1954 book by psychiatrist Fredric Wertham

Seduction of the Innocent is a book by German-born American psychiatrist Fredric Wertham, published in 1954, that warned that comic books were a harmful form of popular literature and a serious cause of juvenile delinquency. The book was taken seriously at the time in the United States, and was a minor bestseller that alarmed American parents and galvanized them to campaign for censorship. At the same time, a U.S. Congressional inquiry was launched into the comic book industry. Subsequent to the publication of Seduction of the Innocent, the Comics Code Authority was established by publishers to self-censor their titles. In the decades since the book's publication, Wertham's research has been disputed by scholars.

==Overview and arguments==
Seduction of the Innocent cited overt or covert depictions of violence, sex, drug use, and other adult fare within "crime comics" – a term Wertham used to describe not only the popular gangster/murder-oriented titles of the time, but superhero and horror comics as well. The book asserted that reading this material encouraged similar behavior in children.

Comics, especially the crime/horror titles pioneered by EC Comics, were not lacking in gruesome images; Wertham reproduced these extensively, pointing out what he saw as recurring morbid themes such as "injury to the eye". Many of his other conjectures, particularly about hidden sexual themes (e.g. images of female nudity concealed in drawings or Batman and Robin as gay partners), were met with derision within the comics industry.
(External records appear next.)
(* There is a universal constant $C>0$ with the following property. Let $p\in(0,1)$, $\delta_0\in(0,1)$, let $f:\mathbb{Z}\to[0,\infty)$ with $\|f\|_1=1$, and let $\mathcal A$ be an $(N,n,K,\delta)$-admissible set for some parameters $N$, $\delta\in[\delta_0,1)$, $n\geq 1/\delta_0$ and $K$. Let $\ell$ be an integer with $\delta_0 n<\ell\leq n$. Then, deterministically (for every realization of $X_1,\dots,X_\ell$), $$\sum_{t\in I}f_{\mathcal A,p,\ell}(t)\leq \frac{C}{\sqrt{\delta_0 n\min(p,1-p)}}$$ for any integer interval $I\subset\mathbb{Z}$ with $|I|\leq N$, and $$\sum_{t\in J}f_{\mathcal A,p,\ell}(t)\leq \frac{2C|J|}{\sqrt{\delta_0 n\min(p,1-p)}\,N}$$ for any integer interval $J$ with $|J|\geq N$.
   Context: For integers $N,n\geq1$ and reals $\delta\in(0,1]$, $K\geq1$, a set $\mathcal A\subset\mathbb{Z}^n$ is $(N,n,K,\delta)$-admissible if: $\mathcal A=A_1\times\dots\times A_n$ with each $A_i$ an origin-symmetric subset of $\mathbb{Z}$; $A_i$ is an integer interval of cardinality at least $2N+1$ for every $i>\delta n$; for every $i\leq\delta n$, $A_i$ is a union of two integer intervals of total cardinality at least $2N$ and $A_i\cap[-N,N]=\emptyset$; $|A_1|\cdots|A_n|\leq (KN)^n$; and $\max A_i<nN$ for all $i$. Given such $\mathcal A$, $p\in(0,1)$ and $f:\mathbb{Z}\to\mathbb{R}$, let $X_1,\dots,X_n$ be independent with $X_i$ uniform on $A_i$, and for $\ell\leq n$ define the random function $f_{\mathcal A,p,\ell}(t)=\sum_{(v_j)\in\{0,1\}^\ell}p^{\sum_j v_j}(1-p)^{\ell-\sum_j v_j} f(t+v_1X_1+\dots+v_\ell X_\ell)$, $t\in\mathbb{Z}$. $\|f\|_1=\sum_{t\in\mathbb{Z}}|f(t)|$. *)

theory Defs
  imports "HOL-Analysis.Analysis"
begin

text \<open>An integer interval is a set of the form {a..b} (possibly empty).
  The admissible set \<A> = A_1 x ... x A_n is represented by its factors A i, i = 1..n.\<close>

definition int_interval :: "int set \<Rightarrow> bool" where
  "int_interval I \<longleftrightarrow> (\<exists>a b. I = {a..b})"

definition admissible :: "nat \<Rightarrow> nat \<Rightarrow> real \<Rightarrow> real \<Rightarrow> (nat \<Rightarrow> int set) \<Rightarrow> bool" where
  "admissible N n K \<delta> A \<longleftrightarrow>
     N \<ge> 1 \<and> n \<ge> 1 \<and> 0 < \<delta> \<and> \<delta> \<le> 1 \<and> K \<ge> 1 \<and>
     (\<forall>i\<in>{1..n}. \<forall>x. x \<in> A i \<longleftrightarrow> - x \<in> A i) \<and>
     (\<forall>i\<in>{1..n}. real i > \<delta> * real n \<longrightarrow>
        int_interval (A i) \<and> card (A i) \<ge> 2 * N + 1) \<and>
     (\<forall>i\<in>{1..n}. real i \<le> \<delta> * real n \<longrightarrow>
        (\<exists>I1 I2. int_interval I1 \<and> int_interval I2 \<and> A i = I1 \<union> I2) \<and>
        card (A i) \<ge> 2 * N \<and> A i \<inter> {- int N..int N} = {}) \<and>
     (\<Prod>i=1..n. real (card (A i))) \<le> (K * real N) ^ n \<and>
     (\<forall>i\<in>{1..n}. Max (A i) < int n * int N)"

text \<open>The function f_{A,p,l} for a given realization x of X_1..X_l; the sum over
  v in {0,1}^l is written as a sum over subsets S = {j. v_j = 1} of {1..l}.\<close>

definition frand :: "real \<Rightarrow> nat \<Rightarrow> (int \<Rightarrow> real) \<Rightarrow> (nat \<Rightarrow> int) \<Rightarrow> int \<Rightarrow> real" where
  "frand p l f x t =
     (\<Sum>S\<in>Pow {1..l}. p ^ card S * (1 - p) ^ (l - card S) * f (t + (\<Sum>j\<in>S. x j)))"

end

theory Submission
  imports Defs "HOL-Combinatorics.Multiset_Permutations"
begin

text \<open>The function f_{A,p,l} averages f over the shifts
  t + (\<Sum>j\<in>S. x j), with S a p-random subset of {1..l}, so the mass it puts on a finite set I
  is at most the largest probability that this random sum lies in a reflected translate of I.
  The coordinates j \<le> \<lfloor>\<delta>0 n\<rfloor> avoid [-N, N], and half of them, forming G, share a sign.
  Conditioned on S - G, the subsets of G whose sums hit an interval of length at most N
  form an antichain, so by the LYM inequality their p-weight is at most the largest point
  mass of Bin(|G|, p), which is at most 1 / sqrt (2 (|G| + 1) min p (1 - p)).
  Longer intervals are cut into pieces of length N.\<close>

lemma card_permutations_of_set_with_prefix:
  assumes M: "finite M" and S: "S \<subseteq> M"
  shows "card {xs \<in> permutations_of_set M. set (take (card S) xs) = S}
         = fact (card S) * fact (card M - card S)"
proof -
  have fS: "finite S" using M S by (rule rev_finite_subset)
  let ?app = "\<lambda>(ys, zs). ys @ zs"
  let ?Ps = "permutations_of_set S \<times> permutations_of_set (M - S)"
  have "{xs \<in> permutations_of_set M. set (take (card S) xs) = S} = ?app ` ?Ps"
  proof (intro equalityI subsetI)
    fix xs assume "xs \<in> {xs \<in> permutations_of_set M. set (take (card S) xs) = S}"
    then have M_xs: "set xs = M" and dist: "distinct xs" and S_xs: "set (take (card S) xs) = S"
      by (auto dest: permutations_of_setD)
    have "set (take (card S) xs) \<inter> set (drop (card S) xs) = {}"
      using dist by (metis append_take_drop_id distinct_append)
    moreover have "set (take (card S) xs) \<union> set (drop (card S) xs) = M"
      using M_xs by (metis append_take_drop_id set_append)
    ultimately have "set (drop (card S) xs) = M - S" using S_xs by blast
    then have "(take (card S) xs, drop (card S) xs) \<in> ?Ps"
      using dist S_xs by (simp add: permutations_of_setI)
    then show "xs \<in> ?app ` ?Ps" by (rule rev_image_eqI) simp
  next
    fix xs assume "xs \<in> ?app ` ?Ps"
    then obtain ys zs where xs: "xs = ys @ zs" and ys: "ys \<in> permutations_of_set S"
      and zs: "zs \<in> permutations_of_set (M - S)" by auto
    have "length ys = card S" using ys by (rule length_finite_permutations_of_set)
    then show "xs \<in> {xs \<in> permutations_of_set M. set (take (card S) xs) = S}"
      using xs ys zs S by (auto simp: permutations_of_set_def)
  qed
  moreover have "inj_on ?app ?Ps"
    by (rule inj_onI) (auto simp: length_finite_permutations_of_set)
  ultimately show ?thesis
    using M fS S by (simp add: card_image card_cartesian_product card_Diff_subset)
qed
Wertham's claim that Wonder Woman had a bondage subtext was somewhat better documented, as the creator William Moulton Marston had admitted as much; however, Wertham also claimed Wonder Woman's strength and independence made the character a lesbian. At this time homosexuality was still viewed as a mental disorder by the Diagnostic and Statistical Manual of Mental Disorders. Wertham also claimed that Superman was both un-American and fascistic.

Wertham critiqued the commercial environment of comic book publishing and retailing, objecting to air rifles and knives advertised alongside violent stories. Wertham sympathized with retailers who did not want to sell horror comics, yet were compelled to by their distributors' table d'hôte product line policies.
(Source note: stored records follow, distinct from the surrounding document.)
(* Let $M,n\geq 3$ be integers with $n$ odd, and let $\beta$ be an integer with $0\leq\beta\leq n$ and $\beta\neq 1$. Then $(n-\beta,\beta)\in \mathrm{HWP}(C_M[n];M,Mn)$; that is, $C_M[n]$ can be factorized into $n-\beta$ $C_M$-factors and $\beta$ $C_{Mn}$-factors.
   Context: $C_M[n]$ denotes the lexicographic product of the $M$-cycle with the empty graph on $n$ vertices: vertex set $\mathbb Z_M\times\mathbb Z_n$, with $(i,x)(j,y)$ an edge iff $j-i\equiv\pm1\pmod M$. A $C_k$-factor of a graph $G$ is a spanning subgraph of $G$ all of whose components are cycles of length $k$. For a graph $G$ and integers $M,N\ge3$, $\mathrm{HWP}(G;M,N)$ is the set of pairs $(\alpha,\beta)$ of nonnegative integers such that $G$ admits a set of $\alpha$ $C_M$-factors and $\beta$ $C_N$-factors whose edge sets partition $E(G)$. *)

theory Defs
  imports Main
begin

text \<open>Graphs are given by a vertex set V and a set E of edges, each edge being a
two-element set of vertices.\<close>

definition cycle_edges :: "'a list \<Rightarrow> 'a set set" where
  "cycle_edges vs = {{vs ! t, vs ! (Suc t mod length vs)} | t. t < length vs}"

definition is_cycle_factor :: "'a set \<Rightarrow> 'a set set \<Rightarrow> nat \<Rightarrow> 'a set set \<Rightarrow> bool" where
  "is_cycle_factor V E k F \<longleftrightarrow> F \<subseteq> E \<and>
     (\<exists>Cs :: 'a list set.
        (\<forall>c\<in>Cs. distinct c \<and> length c = k \<and> set c \<subseteq> V) \<and>
        (\<forall>c\<in>Cs. \<forall>d\<in>Cs. c \<noteq> d \<longrightarrow> set c \<inter> set d = {}) \<and>
        (\<Union>c\<in>Cs. set c) = V \<and>
        F = (\<Union>c\<in>Cs. cycle_edges c))"

definition HWP :: "'a set \<Rightarrow> 'a set set \<Rightarrow> nat \<Rightarrow> nat \<Rightarrow> (nat \<times> nat) set" where
  "HWP V E M N = {(\<alpha>, \<beta>). \<exists>Fs :: nat \<Rightarrow> 'a set set.
       (\<forall>i<\<alpha>. is_cycle_factor V E M (Fs i)) \<and>
       (\<forall>i. \<alpha> \<le> i \<and> i < \<alpha> + \<beta> \<longrightarrow> is_cycle_factor V E N (Fs i)) \<and>
       (\<forall>i<\<alpha> + \<beta>. \<forall>j<\<alpha> + \<beta>. i \<noteq> j \<longrightarrow> Fs i \<inter> Fs j = {}) \<and>
       (\<Union>i<\<alpha> + \<beta>. Fs i) = E}"

text \<open>The lexicographic product C_M[n]: vertices Z_M x Z_n (as pairs of naturals below
M resp. n); (i,x)(j,y) is an edge iff j - i = +-1 (mod M).\<close>
definition CMn_vertices :: "nat \<Rightarrow> nat \<Rightarrow> (nat \<times> nat) set" where
  "CMn_vertices M n = {0..<M} \<times> {0..<n}"

definition CMn_edges :: "nat \<Rightarrow> nat \<Rightarrow> (nat \<times> nat) set set" where
  "CMn_edges M n = {{(i, x), (j, y)} | i x j y.
      i < M \<and> x < n \<and> j < M \<and> y < n \<and>
      ((j + M - i) mod M = 1 \<or> (j + M - i) mod M = M - 1)}"

end

theory Submission
  imports Defs "HOL-Number_Theory.Cong"
begin

text \<open>Between the layers i and i + 1 of C_M[n] the edges join (i, y) to (i + 1, y + d), d in Z_n.
  Choose a permutation A_i of Z_n for every layer and let the k-th factor consist of the edges
  with d = A_i(k): these n factors partition the edges, and the k-th one is the graph of the
  bijection (i, y) \<mapsto> (i + 1, y + A_i(k)). Going once around the M layers adds
  s_k = \<Sum>_i A_i(k) to the second coordinate, so the factor is a C_M-factor if s_k = 0 and
  a Hamilton cycle if s_k is a unit in Z_n.

  Let A_0 fix the first n - \<beta> points and move each of the last \<beta> points by +1, -1 or -2
  (a 3-cycle and transpositions, which needs \<beta> \<noteq> 1), and let the other A_i be
  multiplications by units adding up to -1. Then s_k = A_0(k) - k, which is 0 for
  k < n - \<beta> and 1, -1 or -2, a unit for odd n, otherwise.\<close>

section \<open>Cycle factors from closed walks\<close>

lemma cycle_edges_closed_walk:
  assumes "\<forall>t<length c. c ! (Suc t mod length c) = f (c ! t)"
  shows "cycle_edges c = (\<lambda>v. {v, f v}) ` set c"
proof -
  have "cycle_edges c = (\<lambda>t. {c ! t, c ! (Suc t mod length c)}) ` {..<length c}"
    unfolding cycle_edges_def by blast
  also have "\<dots> = (\<lambda>t. {c ! t, f (c ! t)}) ` {..<length c}"
    using assms by (intro image_cong) auto
  also have "\<dots> = (\<lambda>v. {v, f v}) ` set c"
    by (auto simp: set_conv_nth image_iff)
  finally show ?thesis .
qed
Seduction of the Innocent was illustrated with comic-book panels offered as evidence, each accompanied by a line of Wertham's commentary. The first printing contained a bibliography listing the comic book publishers cited, but fears of lawsuits compelled the publisher to tear the bibliography page from any copies available, so copies with an intact bibliography are rare. Early complete editions of Seduction of the Innocent are collected avidly by book and comic book collectors.

Beginning in 1948, Wertham wrote and spoke widely, arguing about the detrimental effects that comics reading had on young people. Consequently, Seduction of the Innocent serves as a culminating expression of his sentiments about comics and presents augmented examples and arguments, rather than wholly new material. Wertham's concerns were not limited to comics' impact on boys: He also expressed a concern for the effect of impossibly proportioned female characters on girl readers. Writer A. David Lewis claims that Wertham's anxiety over the perceived homosexual subtext of Batman and Robin was aimed at the depiction of family within this context, rather than focused on the moral character of homosexuality itself. Will Brooker also writes in Batman Unmasked: Analyzing a Cultural Icon that Wertham's notorious reading of Batman and Robin as a homosexual couple was not of his own invention, but was suggested to him by homosexual males whom he interviewed.

==Influence==

Seduction of the Innocent caught the attention of US Senator Estes Kefauver. Kefauver had a reputation as a mob hunter, and it was known that the mob had strong connections with the distribution of comics and magazines. He saw Wertham's agenda as a tool he could use against the organized crime within the industry. As a platform from where he could spread his message more efficiently, Wertham appeared before the Senate Subcommittee on Juvenile Delinquency. In testimony before the committee, he compared the comic book industry to Adolf Hitler.

The hearing was broadcast on television, which was quickly becoming a new mass medium, and made other media join in. It made headlines on the front page of The New York Times. Even if the government did not act beyond the hearing, and Kefauver lost interest in comics after he was selected as a presidential candidate, the public damage was already done. The hearing was in April, and the same summer 15 publishers went out of business. At EC Comics, Mad was the only surviving title.

The committee's questioning of their next witness, EC publisher William Gaines, focused on violent scenes of the type Wertham had described.

At the time, Wertham was also the Court's appointed psychiatric expert during the trial of the Brooklyn Thrill Killers, a gang of youths who had brutalized people and killed two men during the summer of 1954. Wertham asserted that the gang leader's behaviour had been caused by comic books, and most specifically pornographic ones. The case helped fuel the public outrage against comic books. Nights of Horror, an underground fetish series that Wertham had used as evidence during the trial, was banned by the State of New York: the case against that comic eventually went to the Supreme Court, which upheld the ban in 1957.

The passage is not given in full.